Венгерская война прошла незаметно. Почтеннейшая смоленская публика, читавшая только одни московские ведомости и не имевшая никакой претенсии к иностранным газетам, узнала о ней потому только, что Кн. Варшавский, пред которым мятежники положили оружие, торжественно встречен государем и награжден фельдмаршальским жезлом.
Зато крымская война едва ли где в других местах России (кроме Москвы) была встречена с таким жаром, восторгом, и почти исступлением.
Повторялось везде, даже на улицах кстати и некстати. Явились какие-то […][203]
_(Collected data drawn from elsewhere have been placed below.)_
lemma fst_stage_default_indep:
  "fst (stage m F r \<Theta> D d1 z) = fst (stage m F r \<Theta> D d2 z)"
proof (induction m arbitrary: z)
  case 0
  show ?case by simp
next
  case (Suc m)
  have "passed_value m F r \<Theta> D d1 y = passed_value m F r \<Theta> D d2 y" for y
    using Suc.IH[of y] by (simp add: snd_stage)
  then show ?case by (simp add: Let_def)
qed

lemma PhiG_default_indep: "PhiG F r \<Theta> D d1 z = PhiG F r \<Theta> D d2 z"
  unfolding PhiG_def by (rule fst_stage_default_indep)

lemma hG_eq: "hG F r \<Theta> D d z = (if PhiG F r \<Theta> D d z = {} then d z else Min (PhiG F r \<Theta> D d z))"
  unfolding hG_def PhiG_def by (rule snd_stage)

lemma fst_stage_Suc_subset:
  assumes "partial_selection_function k r F" and "z \<in> points k" and "G_D \<Theta> D z \<subseteq> points k"
  shows "fst (stage (Suc m) F r \<Theta> D d z) \<subseteq>
    passed_value m F r \<Theta> D d ` G_D \<Theta> D z"
proof
  fix v assume "v \<in> fst (stage (Suc m) F r \<Theta> D d z)"
  then obtain ys where ys: "length ys = r" and F: "F z ys = Some v"
    and succ: "\<forall>(y, n) \<in> set ys. y \<in> G_D \<Theta> D z \<and> n = passed_value m F r \<Theta> D d y"
    by (auto simp: Let_def)
  have "\<forall>(y, n) \<in> set ys. y \<in> points k" using succ assms(3) by auto
  then have "v \<in> snd ` set ys"
    using assms(1,2) ys F unfolding partial_selection_function_def by blast
  with succ show "v \<in> passed_value m F r \<Theta> D d ` G_D \<Theta> D z" by force
qed

lemma fst_stage_less_maxl:
  assumes "k \<ge> 1" and "downward_directed_lattice_graph k \<Theta>"
    and "partial_selection_function k r F" and "D \<subseteq> points k"
  shows "z \<in> D \<Longrightarrow> v \<in> fst (stage m F r \<Theta> D d z) \<Longrightarrow> v < maxl z"
proof (induction m arbitrary: z v)
  case 0
  then show ?case by simp
next
  case (Suc m)
  have succ: "y \<in> D \<and> maxl y < maxl z" if "y \<in> G_D \<Theta> D z" for y
    using that assms(2) unfolding G_D_def Theta_D_def downward_directed_lattice_graph_def by auto
  have "G_D \<Theta> D z \<subseteq> points k" using succ assms(4) by blast
  with Suc.prems obtain y where y: "y \<in> G_D \<Theta> D z"
    and v: "v = passed_value m F r \<Theta> D d y"
    using fst_stage_Suc_subset[OF assms(3)] assms(4) by blast
  from succ[OF y] have yD: "y \<in> D" and lt: "maxl y < maxl z" by auto
  show ?case
  proof (cases "fst (stage m F r \<Theta> D d y) = {}")
    case True
    have "y \<noteq> []" using yD assms(1,4) unfolding points_def by auto
    with True v lt show ?thesis using minl_le_maxl by fastforce
  next
    case False
    have "finite (fst (stage m F r \<Theta> D d y))"
      using Suc.IH[OF yD] by (meson finite_nat_set_iff_bounded)
    then have "v \<in> fst (stage m F r \<Theta> D d y)" using False v by (simp add: snd_stage)
    with Suc.IH[OF yD] lt show ?thesis by fastforce
  qed
qed

lemma PhiG_less_maxl:
  assumes "k \<ge> 1" and "downward_directed_lattice_graph k \<Theta>"
    and "partial_selection_function k r F" and "D \<subseteq> points k" and "z \<in> D"
  shows "v \<in> PhiG F r \<Theta> D d z \<Longrightarrow> v < maxl z"
  unfolding PhiG_def using fst_stage_less_maxl[OF assms] .

lemma Min_le_minl_cube:
  assumes "finite E" and "k \<ge> 1" and "y \<in> cube E k"
  shows "Min E \<le> minl y"
proof -
  have "y \<noteq> []" and "set y \<subseteq> E" using assms(2,3) unfolding cube_def by auto
  then have "minl y \<in> E" unfolding minl_def using Min_in by blast
  with assms(1) show ?thesis by simp
qed

text \<open>A value below \<open>min(E)\<close> is below \<open>min(y)\<close>, so on a class where f is constant and
  regressive, g agrees with f.\<close>

lemma regressively_regular_transfer:
  assumes "finite E" and "k \<ge> 1" and "regressively_regular k f E"
    and agree: "\<forall>y \<in> cube E k. f y = g y \<or> (minl y \<le> f y \<and> minl y \<le> g y)"
  shows "regressively_regular k g E"
  unfolding regressively_regular_def Let_def
proof
  fix x assume "x \<in> cube E k"
  let ?C = "{y \<in> cube E k. order_equiv x y}"
  from assms(3) \<open>x \<in> cube E k\<close>
  have "(\<forall>y \<in> ?C. \<forall>y' \<in> ?C. f y = f y' \<and> f y < Min E) \<or> (\<forall>y \<in> ?C. minl y \<le> f y)"
    unfolding regressively_regular_def Let_def by blast
  then show "(\<forall>y \<in> ?C. \<forall>y' \<in> ?C. g y = g y' \<and> g y < Min E) \<or> (\<forall>y \<in> ?C. minl y \<le> g y)"
  proof
    assume const: "\<forall>y \<in> ?C. \<forall>y' \<in> ?C. f y = f y' \<and> f y < Min E"
    have "f y = g y" if "y \<in> ?C" for y
    proof -
      from that have "y \<in> cube E k" by simp
      moreover from const that have "f y < Min E" by blast
      ultimately have "\<not> minl y \<le> f y" using Min_le_minl_cube[OF assms(1,2)] by (meson leD le_less_trans)
      with agree \<open>y \<in> cube E k\<close> show ?thesis by blast
    qed
    with const have "\<forall>y \<in> ?C. \<forall>y' \<in> ?C. g y = g y' \<and> g y < Min E"
      by (metis (no_types, lifting))
    then show ?thesis ..
  next
    assume "\<forall>y \<in> ?C. minl y \<le> f y"
    with agree show ?thesis by fastforce
  qed
qed

lemma regressively_regular_iff:
  assumes "finite E" and "k \<ge> 1"
    and "\<forall>y \<in> cube E k. f y = g y \<or> (minl y \<le> f y \<and> minl y \<le> g y)"
  shows "regressively_regular k f E \<longleftrightarrow> regressively_regular k g E"
proof
  show "regressively_regular k g E" if "regressively_regular k f E"
    using regressively_regular_transfer[OF assms(1,2) that assms(3)] .
  have "\<forall>y \<in> cube E k. g y = f y \<or> (minl y \<le> g y \<and> minl y \<le> f y)"
    using assms(3) by auto
  then show "regressively_regular k f E" if "regressively_regular k g E"
    using regressively_regular_transfer[OF assms(1,2) that] by blast
qed

lemma h_rho_eq_s_hat: "Phi_D F r \<Theta> D z \<noteq> {} \<Longrightarrow> h_rho F r \<Theta> D \<rho> z = s_hat F r \<Theta> D z"
  unfolding Phi_D_def h_rho_def s_hat_def hG_eq using PhiG_default_indep by metis

lemma h_rho_empty: "Phi_D F r \<Theta> D z = {} \<Longrightarrow> h_rho F r \<Theta> D \<rho> z = \<rho> z"
  unfolding Phi_D_def h_rho_def hG_eq using PhiG_default_indep by metis

lemma s_hat_empty: "Phi_D F r \<Theta> D z = {} \<Longrightarrow> s_hat F r \<Theta> D z = maxl z"
  unfolding Phi_D_def s_hat_def hG_eq by simp

lemma s_hat_less_maxl:
  assumes "k \<ge> 1" and "downward_directed_lattice_graph k \<Theta>"
    and "partial_selection_function k r F" and "D \<subseteq> points k" and "z \<in> D"
    and "Phi_D F r \<Theta> D z \<noteq> {}"
  shows "s_hat F r \<Theta> D z < maxl z"
proof -
  have bound: "\<forall>v \<in> Phi_D F r \<Theta> D z. v < maxl z"
    using PhiG_less_maxl[OF assms(1-5)] unfolding Phi_D_def by blast
  then have "finite (Phi_D F r \<Theta> D z)" by (auto simp: finite_nat_set_iff_bounded)
  with bound assms(6) show ?thesis
    unfolding s_hat_def hG_eq by (simp flip: Phi_D_def)
qed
, а после и Марш смоленского ополчения maestoso e risoluto[204], громкий, трескучий и заунывный вместе. Все это было произведением смоленских виртуозов, и смоляне восхищались ими чуть-чуть не целый год. После как-то про них и совсем забыли. Марш был сочинен каким-то немцем, фамилии которого я не помню, а знаю только, что в то же время он занят был композицией русской оперы «Леший», отдельные номера которой разыгрывались в зале дворянского собрания. Другой немец, капельмейстер и хороший знаток музыки уверял, что в третьем минорном колене смоленского марша в самом деле слышится мотив народного pastorale «ты поди, поди, коровушка»[205].Смоленска кипел патриотическим энтузиазмом. Только и разговоров было о войне и победах. «Шапками закидаем эту сволочь» – «Шапками вбросим нахалов в море» – «Напрем, ударим, победим!» – «Не нужно нам их вино и шелков, есть свои в Крыму и на Кавказе, а мало их – так есть меды и кислые щи!» – «Вот посмотрим, как эти нищие обойдутся без нашего хлеба» – кричали смоляне и в то же время хлопотали о пособии из казны на прокормление умирающего с голоду народа. Чиновникам (кроме служащих министерства просвещения) выдана была невзачет треть годичного жалования, а крестьян за недосугом позабыли, хотя в запасных магазинах наличного хлеба нашлось что-то меньше нуля, т. е. какие-то отрицательные количества, называемое долгом на помещиках, и значащееся временно на бумаге до появления нового всемилостивейшего манифеста Николая Павловича, который однажды в бытность свою в Смоленске выразился даже так:
– Ежели бы я не был императором всероссийским, то желал бы быть губернатором смоленским.
Особенно эффектны были выборы в офицерские чины ополчения. Кн. Друцкой, стоя перед портретом Государя, говорил пламенную речь, поворачивался и бросался то к портрету, то к публике, размахивал руками, бил себя кулаками в грудь и сыпал самые блистательные фразы, заимствованные из речей героев древней, средней, новой и новейшей истории. Грудной ящик князя оказался с отличнейшим резонансом, потому что кулачные удары в него были слышны на хорах обширного и высокого зала.